──────── Supplied records ────────

lemma colon_exps_iff:
  assumes "1 \<le> k"
  shows "int c \<in> colon_exps G k \<longleftrightarrow> k * (F + 1) \<le> c \<and> (\<forall>\<sigma>\<in>sumset k L. c - \<sigma> - k \<in> G)"
proof
  assume c: "int c \<in> colon_exps G k"
  have "c - \<sigma> - k \<in> G" if "\<sigma> \<in> sumset k L" for \<sigma>
  proof -
    have "int c + (- int \<sigma> - int k) \<in> int ` G"
      using c gap_sum_in_omega_pow_exps[OF that] by (auto simp: colon_exps_def)
    then obtain \<gamma> where "\<gamma> \<in> G" "int c + (- int \<sigma> - int k) = int \<gamma>" by blast
    moreover from this have "c - \<sigma> - k = \<gamma>" by linarith
    ultimately show ?thesis by simp
  qed
  thus "k * (F + 1) \<le> c \<and> (\<forall>\<sigma>\<in>sumset k L. c - \<sigma> - k \<in> G)"
    using colon_exps_lower_bound[OF assms c] by blast
next
  assume c: "k * (F + 1) \<le> c \<and> (\<forall>\<sigma>\<in>sumset k L. c - \<sigma> - k \<in> G)"
  hence c_lower: "int k * (int F + 1) \<le> int c" by (metis of_nat_1 of_nat_add of_nat_mono of_nat_mult)
  show "int c \<in> colon_exps G k"
    unfolding colon_exps_def
  proof safe
    fix s assume "s \<in> omega_pow_exps G k"
    from omega_pow_exps_cases[OF this] show "int c + s \<in> int ` G"
    proof
      assume "\<exists>\<sigma>\<in>sumset k L. \<exists>\<gamma>\<in>G. s = int \<gamma> - int \<sigma> - int k"
      then obtain \<sigma> \<gamma> where \<sigma>\<gamma>: "\<sigma> \<in> sumset k L" "\<gamma> \<in> G" "s = int \<gamma> - int \<sigma> - int k"
        by blast
      have "\<sigma> + k \<le> c" using sumset_gaps_bounds[OF \<sigma>\<gamma>(1)] c by (simp add: algebra_simps)
      hence "int c + s = int ((c - \<sigma> - k) + \<gamma>)" using \<sigma>\<gamma>(3) by simp
      moreover have "(c - \<sigma> - k) + \<gamma> \<in> G" using add_mem c \<sigma>\<gamma> by blast
      ultimately show ?thesis by blast
    next
      assume "- (int k - 1) * (int F + 1) \<le> s"
      hence "int F < int c + s" using c_lower by (simp add: algebra_simps)
      hence "nat (int c + s) \<in> G" by (intro mem_if_gt_frobenius) linarith
      moreover have "int c + s = int (nat (int c + s))" using \<open>int F < int c + s\<close> by simp
      ultimately show ?thesis by (metis image_eqI)
    qed
  qed
qed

────────

The line with "using colon_exps_lower_bound[OF assms" and all the lines after it in the records above are to be output exactly, with nothing added.

**Answer area:**
    using colon_exps_lower_bound[OF assms c] by blast
next
  assume c: "k * (F + 1) \<le> c \<and> (\<forall>\<sigma>\<in>sumset k L. c - \<sigma> - k \<in> G)"
  hence c_lower: "int k * (int F + 1) \<le> int c" by (metis of_nat_1 of_nat_add of_nat_mono of_nat_mult)
  show "int c \<in> colon_exps G k"
    unfolding colon_exps_def
  proof safe
    fix s assume "s \<in> omega_pow_exps G k"
    from omega_pow_exps_cases[OF this] show "int c + s \<in> int ` G"
    proof
      assume "\<exists>\<sigma>\<in>sumset k L. \<exists>\<gamma>\<in>G. s = int \<gamma> - int \<sigma> - int k"
      then obtain \<sigma> \<gamma> where \<sigma>\<gamma>: "\<sigma> \<in> sumset k L" "\<gamma> \<in> G" "s = int \<gamma> - int \<sigma> - int k"
        by blast
      have "\<sigma> + k \<le> c" using sumset_gaps_bounds[OF \<sigma>\<gamma>(1)] c by (simp add: algebra_simps)
      hence "int c + s = int ((c - \<sigma> - k) + \<gamma>)" using \<sigma>\<gamma>(3) by simp
      moreover have "(c - \<sigma> - k) + \<gamma> \<in> G" using add_mem c \<sigma>\<gamma> by blast
      ultimately show ?thesis by blast
    next
      assume "- (int k - 1) * (int F + 1) \<le> s"
      hence "int F < int c + s" using c_lower by (simp add: algebra_simps)
      hence "nat (int c + s) \<in> G" by (intro mem_if_gt_frobenius) linarith
      moreover have "int c + s = int (nat (int c + s))" using \<open>int F < int c + s\<close> by simp
      ultimately show ?thesis by (metis image_eqI)
    qed
  qed
qed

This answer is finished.